Biden-Trudeau — A New Bromance?

3 minute read

After a long week in American politics and ballot counting now complete, leaders around the world have formally recognized Joe Biden as President-elect of the United States of America and Kamala Harris as the first female, bi-racial Vice-President-elect in American history. Prime Minister Trudeau and his government can now set their sights on building Canada-U.S. relations back better.

The relationship with the Trump administration has been fragile and at times tumultuous over the past few years. Being such an important ally to Canada, it begs the question, does having Biden in the top job mean that Canada can breathe a sigh of relief? 

Canada tried to stay under the radar during the Trump years, and the President only visited Canada once during his four-year tenure. On paper, the relationship with a Biden White House should be much less challenging than the previous one. And things are off to a good start. The Prime Minister was the first world leader to talk to President-Elect Biden early last week, and they discussed the importance of the unique Canada-U.S. partnership and continuing to fight the COVID-19 pandemic together. Other topics of importance for the two countries are fighting climate change, trade, softwood lumber, energy, and of course, the controversial Keystone XL pipeline. 

Keystone XL will be tricky for Trudeau, both at home and across the border. Many industry pundits say that the election of Biden likely spells the end of the Keystone XL oil pipeline. When Biden was Vice-President during Obama’s administration the pipeline was delayed for years before being outright rejected in 2015. That decision was reversed when Donald Trump became Pre Trudeau strongly supported the reversal at the time and his position hasn’t changed. This means the Liberals are now in the difficult position of having to make the case to Biden that he needs to break his campaign promise on Keystone. To complicate matters further, doing so is going to require Prime Minister Justin Trudeau and Alberta Premier Jason Kenney to find common ground and coordinate their efforts.

Climate change is at the top of theTrudeau government ‘s agenda and is being used as a lens for pandemic recovery efforts. To that end, they are poised to introduce climate accountability legislation as early as next week. This will formally commit Canada to net-zero greenhouse gas emissions by 2050. This legislation has been long-awaited and will set out mandatory national five-year targets to cut emissions, starting in 2025.

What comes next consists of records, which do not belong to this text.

lemma norm_convex_comb_power2_le:
  fixes x :: "'b \<Rightarrow> 'a::real_normed_vector"
  assumes "finite Z" "Z \<noteq> {}" "(\<Sum>z\<in>Z. a z) = 1" "\<And>z. z \<in> Z \<Longrightarrow> a z \<ge> 0"
  shows "(norm (\<Sum>z\<in>Z. a z *\<^sub>R x z))\<^sup>2 \<le> (\<Sum>z\<in>Z. a z * (norm (x z))\<^sup>2)"
proof -
  have "norm (\<Sum>z\<in>Z. a z *\<^sub>R x z) \<le> (\<Sum>z\<in>Z. a z *\<^sub>R norm (x z))"
    by (rule order_trans[OF norm_sum]) (simp add: assms(4))
  then have "(norm (\<Sum>z\<in>Z. a z *\<^sub>R x z))\<^sup>2 \<le> (\<Sum>z\<in>Z. a z *\<^sub>R norm (x z))\<^sup>2"
    by (simp add: power_mono)
  also have "\<dots> \<le> (\<Sum>z\<in>Z. a z * (norm (x z))\<^sup>2)"
    using convex_on_sum[OF assms(1,2) convex_power2 assms(3), of "\<lambda>z. norm (x z)"] assms(4)
    by simp
  finally show ?thesis .
qed

lemma norm_add_power2_le: "(norm (a + b :: 'a::real_normed_vector))\<^sup>2 \<le> 2 * (norm a)\<^sup>2 + 2 * (norm b)\<^sup>2"
proof -
  have "(norm (a + b))\<^sup>2 \<le> (norm a + norm b)\<^sup>2"
    by (simp add: power_mono norm_triangle_ineq)
  also have "\<dots> \<le> 2 * (norm a)\<^sup>2 + 2 * (norm b)\<^sup>2"
    using zero_le_power2[of "norm a - norm b"] by (simp add: power2_eq_square algebra_simps)
  finally show ?thesis .
qed

lemma exists_subset_sum_le_average:
  fixes a :: "'b \<Rightarrow> real"
  assumes "finite H" "k \<le> card H"
  shows "\<exists>S\<subseteq>H. card S = k \<and> (\<Sum>i\<in>S. a i) \<le> real k / real (card H) * (\<Sum>i\<in>H. a i)"
  using assms
proof (induction "card H" arbitrary: H)
  case 0
  then show ?case by auto
next
  case (Suc N)
  show ?case
  proof (cases "k = Suc N")
    case True
    then show ?thesis using Suc by (intro exI[of _ H]) auto
  next
    case False
    then have kN: "k \<le> N" using Suc by simp
    obtain x where x: "x \<in> H" "\<And>y. y \<in> H \<Longrightarrow> a y \<le> a x"
      using Max_in[of "a ` H"] Max_ge[of "a ` H"] Suc by fastforce
    \<comment> \<open>drop a point with maximal value; the average of the rest does not increase\<close>
    have "card (H - {x}) = N" using Suc x by simp
    then obtain S where S: "S \<subseteq> H - {x}" "card S = k"
        "(\<Sum>i\<in>S. a i) \<le> real k / real N * (\<Sum>i\<in>H - {x}. a i)"
      using Suc.hyps(1)[of "H - {x}"] Suc.prems kN by auto
    have sH: "(\<Sum>i\<in>H. a i) = a x + (\<Sum>i\<in>H - {x}. a i)"
      using Suc.prems(1) x(1) by (simp add: sum.remove)
    have "(\<Sum>i\<in>H. a i) \<le> real (Suc N) * a x"
      using sum_bounded_above[of H a "a x"] x Suc.hyps(2) by simp
    then have avg: "real (Suc N) * (\<Sum>i\<in>H - {x}. a i) \<le> real N * (\<Sum>i\<in>H. a i)"
      using sH by (simp add: algebra_simps)
    show ?thesis
    proof (cases "N = 0")
      case True
      then show ?thesis using S kN by (intro exI[of _ S]) auto
    next
      case N0: False
      have "real k / real N * (\<Sum>i\<in>H - {x}. a i)
          = real k / (real N * real (Suc N)) * (real (Suc N) * (\<Sum>i\<in>H - {x}. a i))"
        using N0 by (simp add: divide_simps del: of_nat_Suc)
      also have "\<dots> \<le> real k / (real N * real (Suc N)) * (real N * (\<Sum>i\<in>H. a i))"
        by (rule mult_left_mono[OF avg]) simp
      also have "\<dots> = real k / real (card H) * (\<Sum>i\<in>H. a i)"
        using N0 Suc.hyps(2) by (simp add: divide_simps del: of_nat_Suc)
      finally show ?thesis using S by (intro exI[of _ S]) auto
    qed
  qed
qed

lemma trimmed_loss_le_subset_sum:
  assumes "S \<subseteq> {1..n}" "card S = n - f"
  shows "trimmed_loss n f g U m \<le> (\<Sum>i\<in>S. (norm (g i - aff_proj U m (g i)))\<^sup>2)"
proof -
  let ?loss = "\<lambda>S. \<Sum>i\<in>S. (norm (g i - aff_proj U m (g i)))\<^sup>2"
  have "{?loss S | S. S \<subseteq> {1..n} \<and> card S = n - f} \<subseteq> ?loss ` Pow {1..n}" by auto
  then have "finite {?loss S | S. S \<subseteq> {1..n} \<and> card S = n - f}"
    by (rule finite_subset) simp
  then show ?thesis unfolding trimmed_loss_def
    by (rule Min_le) (use assms in blast)
qed

lemma trimmed_loss_le_average:
  assumes "H \<subseteq> {1..n}" "n - f \<le> card H"
  shows "trimmed_loss n f g U m
           \<le> real (n - f) / real (card H) * (\<Sum>i\<in>H. (norm (g i - aff_proj U m (g i)))\<^sup>2)"
proof -
  have "finite H" using assms(1) finite_subset by blast
  then obtain S where S: "S \<subseteq> H" "card S = n - f"
      "(\<Sum>i\<in>S. (norm (g i - aff_proj U m (g i)))\<^sup>2)
         \<le> real (n - f) / real (card H) * (\<Sum>i\<in>H. (norm (g i - aff_proj U m (g i)))\<^sup>2)"
    using exists_subset_sum_le_average assms(2) by blast
  have "trimmed_loss n f g U m \<le> (\<Sum>i\<in>S. (norm (g i - aff_proj U m (g i)))\<^sup>2)"
    by (rule trimmed_loss_le_subset_sum) (use S assms(1) in auto)
  with S(3) show ?thesis by linarith
qed

lemma aff_proj_residual_le_mixture:
  fixes U :: "'a::euclidean_space list"
  assumes on: "orthonormal_cols U"
    and mem: "\<And>z. z \<in> Z \<Longrightarrow> gam z \<in> aff_subspace U m"
    and Z: "finite Z" "Z \<noteq> {}"
    and p_nonneg: "\<And>z. z \<in> Z \<Longrightarrow> p z \<ge> 0" and p_sum: "(\<Sum>z\<in>Z. p z) = 1"
    and mix: "e = (\<Sum>z\<in>Z. p z *\<^sub>R Egam z)"
  shows "(norm (x - aff_proj U m x))\<^sup>2
           \<le> 2 * (norm (x - e))\<^sup>2 + 2 * (\<Sum>z\<in>Z. p z * (norm (Egam z - gam z))\<^sup>2)"
proof -
  define y where "y = (\<Sum>z\<in>Z. p z *\<^sub>R gam z)"
  have "y \<in> aff_subspace U m"
    unfolding y_def by (rule aff_subspace_affine_comb[OF Z(1) mem p_sum])
  then have "norm (x - aff_proj U m x) \<le> norm (x - y)" by (rule aff_proj_dist_le[OF on])
  then have "(norm (x - aff_proj U m x))\<^sup>2 \<le> (norm (x - y))\<^sup>2" by (simp add: power_mono)
  also have "x - y = (x - e) + (\<Sum>z\<in>Z. p z *\<^sub>R (Egam z - gam z))"
    unfolding mix y_def by (simp add: scaleR_diff_right sum_subtractf)
  also have "(norm \<dots>)\<^sup>2
      \<le> 2 * (norm (x - e))\<^sup>2 + 2 * (norm (\<Sum>z\<in>Z. p z *\<^sub>R (Egam z - gam z)))\<^sup>2"
    by (rule norm_add_power2_le)
  also have "(norm (\<Sum>z\<in>Z. p z *\<^sub>R (Egam z - gam z)))\<^sup>2 \<le> (\<Sum>z\<in>Z. p z * (norm (Egam z - gam z))\<^sup>2)"
    by (rule norm_convex_comb_power2_le[OF Z p_sum p_nonneg])
  finally show ?thesis by simp
qed

lemma card_honest_ge:
  assumes "H \<subseteq> {1..n}" "card ({1..n} - H) \<le> f"
  shows "n - f \<le> card H"
proof -
  have "finite H" using assms(1) finite_subset by blast
  then have "card ({1..n} - H) = n - card H" using assms(1) by (simp add: card_Diff_subset)
  then show ?thesis using assms by simp
qed

lemma trimmed_loss_bound:
  fixes g :: "nat \<Rightarrow> 'a::euclidean_space" and p :: "nat \<Rightarrow> nat \<Rightarrow> real"
  assumes Hs: "H \<subseteq> {1..n}" and cardH: "n - f \<le> card H" and c1: "c \<ge> 1"
    and p_nonneg: "\<And>i z. i \<in> H \<Longrightarrow> z \<in> {1..c} \<Longrightarrow> p i z \<ge> 0"
    and p_sum: "\<And>i. i \<in> H \<Longrightarrow> (\<Sum>z=1..c. p i z) = 1"
    and Eg_mix: "\<And>i. i \<in> H \<Longrightarrow> Eg i = (\<Sum>z=1..c. p i z *\<^sub>R Egam z)"
    and on0: "orthonormal_cols U0"
    and mem: "\<And>z. z \<in> {1..c} \<Longrightarrow> gam z \<in> aff_subspace U0 m0"
    and better: "trimmed_loss n f g U m \<le> trimmed_loss n f g U0 m0"
  shows "trimmed_loss n f g U m
           \<le> 2 * real (n - f) / real (card H) *
              ((\<Sum>i\<in>H. (norm (g i - Eg i))\<^sup>2)
               + (\<Sum>i\<in>H. \<Sum>z=1..c. p i z * (norm (Egam z - gam z))\<^sup>2))"
proof -
  let ?B = "\<lambda>i. 2 * (norm (g i - Eg i))\<^sup>2 + 2 * (\<Sum>z=1..c. p i z * (norm (Egam z - gam z))\<^sup>2)"
  have "trimmed_loss n f g U0 m0
      \<le> real (n - f) / real (card H) * (\<Sum>i\<in>H. (norm (g i - aff_proj U0 m0 (g i)))\<^sup>2)"
    by (rule trimmed_loss_le_average[OF Hs cardH])
  also have "\<dots> \<le> real (n - f) / real (card H) * (\<Sum>i\<in>H. ?B i)"
  proof (intro mult_left_mono sum_mono)
    fix i assume "i \<in> H"
    then show "(norm (g i - aff_proj U0 m0 (g i)))\<^sup>2 \<le> ?B i"
      by (intro aff_proj_residual_le_mixture[OF on0 mem]) (use c1 p_nonneg p_sum Eg_mix in auto)
  qed simp
  also have "\<dots> = 2 * real (n - f) / real (card H) *
                 ((\<Sum>i\<in>H. (norm (g i - Eg i))\<^sup>2)
                  + (\<Sum>i\<in>H. \<Sum>z=1..c. p i z * (norm (Egam z - gam z))\<^sup>2))"
    by (simp add: sum.distrib sum_distrib_left[symmetric] algebra_simps)
  finally show ?thesis using better by linarith
qed

lemma nn_integral_convex_comb_le:
  fixes B :: "'b \<Rightarrow> 'w \<Rightarrow> real"
  assumes B_meas: "\<And>z. z \<in> Z \<Longrightarrow> B z \<in> borel_measurable M"
    and B_nonneg: "\<And>z \<omega>. z \<in> Z \<Longrightarrow> B z \<omega> \<ge> 0"
    and p_nonneg: "\<And>z. z \<in> Z \<Longrightarrow> p z \<ge> 0" and p_sum: "(\<Sum>z\<in>Z. p z) = 1"
    and B_int: "\<And>z. z \<in> Z \<Longrightarrow> (\<integral>\<^sup>+ \<omega>. ennreal (B z \<omega>) \<partial>M) \<le> e"
  shows "(\<integral>\<^sup>+ \<omega>. ennreal (\<Sum>z\<in>Z. p z * B z \<omega>) \<partial>M) \<le> e"
proof -
  have "(\<integral>\<^sup>+ \<omega>. ennreal (\<Sum>z\<in>Z. p z * B z \<omega>) \<partial>M)
      = (\<integral>\<^sup>+ \<omega>. (\<Sum>z\<in>Z. ennreal (p z) * ennreal (B z \<omega>)) \<partial>M)"
    using p_nonneg B_nonneg
    by (intro nn_integral_cong) (simp add: ennreal_mult sum_nonneg flip: sum_ennreal)
  also have "\<dots> = (\<Sum>z\<in>Z. ennreal (p z) * (\<integral>\<^sup>+ \<omega>. ennreal (B z \<omega>) \<partial>M))"
    using B_meas by (simp add: nn_integral_sum nn_integral_cmult)
  also have "\<dots> \<le> (\<Sum>z\<in>Z. ennreal (p z) * e)"
    using B_int by (intro sum_mono mult_left_mono) auto
  also have "\<dots> = e"
    using p_nonneg p_sum by (simp flip: sum_distrib_right)
  finally show ?thesis .
qed

lemma nn_integral_le_of_mixture_bound:
  fixes A :: "'i \<Rightarrow> 'w \<Rightarrow> real" and B :: "'z \<Rightarrow> 'w \<Rightarrow> real"
  assumes K: "K \<ge> 0" and ab: "a \<ge> 0" "b \<ge> 0"
    and A_meas: "\<And>i. i \<in> H \<Longrightarrow> A i \<in> borel_measurable M"
    and B_meas: "\<And>z. z \<in> Z \<Longrightarrow> B z \<in> borel_measurable M"
    and A_nonneg: "\<And>i \<omega>. i \<in> H \<Longrightarrow> A i \<omega> \<ge> 0"
    and B_nonneg: "\<And>z \<omega>. z \<in> Z \<Longrightarrow> B z \<omega> \<ge> 0"
    and p_nonneg: "\<And>i z. i \<in> H \<Longrightarrow> z \<in> Z \<Longrightarrow> p i z \<ge> 0"
    and p_sum: "\<And>i. i \<in> H \<Longrightarrow> (\<Sum>z\<in>Z. p i z) = 1"
    and A_int: "\<And>i. i \<in> H \<Longrightarrow> (\<integral>\<^sup>+ \<omega>. ennreal (A i \<omega>) \<partial>M) \<le> ennreal a"
    and B_int: "\<And>z. z \<in> Z \<Longrightarrow> (\<integral>\<^sup>+ \<omega>. ennreal (B z \<omega>) \<partial>M) \<le> ennreal b"
    and L: "\<And>\<omega>. \<omega> \<in> space M \<Longrightarrow>
              L \<omega> \<le> K * ((\<Sum>i\<in>H. A i \<omega>) + (\<Sum>i\<in>H. \<Sum>z\<in>Z. p i z * B z \<omega>))"
  shows "(\<integral>\<^sup>+ \<omega>. ennreal (L \<omega>) \<partial>M) \<le> ennreal (K * real (card H) * (a + b))"
proof -
  define C where "C i \<omega> = A i \<omega> + (\<Sum>z\<in>Z. p i z * B z \<omega>)" for i \<omega>
  have C_nonneg: "C i \<omega> \<ge> 0" if "i \<in> H" for i \<omega>
    unfolding C_def using that A_nonneg B_nonneg p_nonneg
    by (intro add_nonneg_nonneg sum_nonneg mult_nonneg_nonneg) auto
  have C_int: "(\<integral>\<^sup>+ \<omega>. ennreal (C i \<omega>) \<partial>M) \<le> ennreal a + ennreal b" if i: "i \<in> H" for i
  proof -
    have "(\<integral>\<^sup>+ \<omega>. ennreal (C i \<omega>) \<partial>M)
        = (\<integral>\<^sup>+ \<omega>. ennreal (A i \<omega>) \<partial>M) + (\<integral>\<^sup>+ \<omega>. ennreal (\<Sum>z\<in>Z. p i z * B z \<omega>) \<partial>M)"
      unfolding C_def using A_meas[OF i] B_meas i A_nonneg B_nonneg p_nonneg
      by (subst ennreal_plus) (auto intro!: nn_integral_add sum_nonneg)
    also have "\<dots> \<le> ennreal a + ennreal b"
    proof (rule add_mono)
      show "(\<integral>\<^sup>+ \<omega>. ennreal (\<Sum>z\<in>Z. p i z * B z \<omega>) \<partial>M) \<le> ennreal b"
        by (rule nn_integral_convex_comb_le[OF B_meas B_nonneg _ p_sum[OF i] B_int])
          (use p_nonneg i in auto)
    qed (rule A_int[OF i])
    finally show ?thesis .
  qed
  have "(\<integral>\<^sup>+ \<omega>. ennreal (L \<omega>) \<partial>M) \<le> (\<integral>\<^sup>+ \<omega>. ennreal K * (\<Sum>i\<in>H. ennreal (C i \<omega>)) \<partial>M)"
  proof (rule nn_integral_mono)
    fix \<omega> assume "\<omega> \<in> space M"
    then have "L \<omega> \<le> K * (\<Sum>i\<in>H. C i \<omega>)"
      using L unfolding C_def by (simp add: sum.distrib)
    then show "ennreal (L \<omega>) \<le> ennreal K * (\<Sum>i\<in>H. ennreal (C i \<omega>))"
      using C_nonneg K by (simp add: ennreal_leI sum_nonneg flip: ennreal_mult)
  qed
  also have "\<dots> = ennreal K * (\<Sum>i\<in>H. \<integral>\<^sup>+ \<omega>. ennreal (C i \<omega>) \<partial>M)"
    using A_meas B_meas unfolding C_def
    by (simp add: nn_integral_cmult nn_integral_sum borel_measurable_sum)
  also have "\<dots> \<le> ennreal K * (\<Sum>i\<in>H. ennreal a + ennreal b)"
    using C_int by (intro mult_left_mono sum_mono) auto
  also have "\<dots> \<le> ennreal (K * real (card H) * (a + b))"
    using K ab by (simp add: ennreal_of_nat_eq_real_of_nat mult.assoc flip: ennreal_plus ennreal_mult)
  finally show ?thesis .
qed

Climate change is also a priority for President-elect Biden. Under his leadership, the United States will rejoin the Paris agreement on climate change and will become the latest country to also commit to net-zero emissions by 2050. It would be symbolic of a renewed working relationship if both countries cut emissions in lock step with each other. Biden has also promised that climate change will be a major component of his foreign policy.

Domestically however, Biden’s power is more limited. As the Democratic candidate, the backbone of his climate change plan was a promise to spend $2 trillion over the next four years to reduce emissions and speed up his country’s transition to a clean economy. As good as that plan may sound, it would be highly unlikely for a Republican-controlled Senate (which is still TBC via George run-off votes in January) to sign off on the complete implementation of the Biden platform.

These are just two policy examples that are likely to spark debate between the two countries. Trade issues and the on-going border closure will also add pressure on the  relationship. The government and Canadians are breathing a collective sigh of relief, but it could be short lived. On January 20th when President-elect Biden becomes President Biden, the significance of the Trudeau/Biden relationship will come into focus and all eyes will be on how the two leaders can work together. Planned American action on climate change and energy decisions will increase pressure on Trudeau’s Liberal government to fulfil their own promises — and perhaps force them to move even faster to deliver.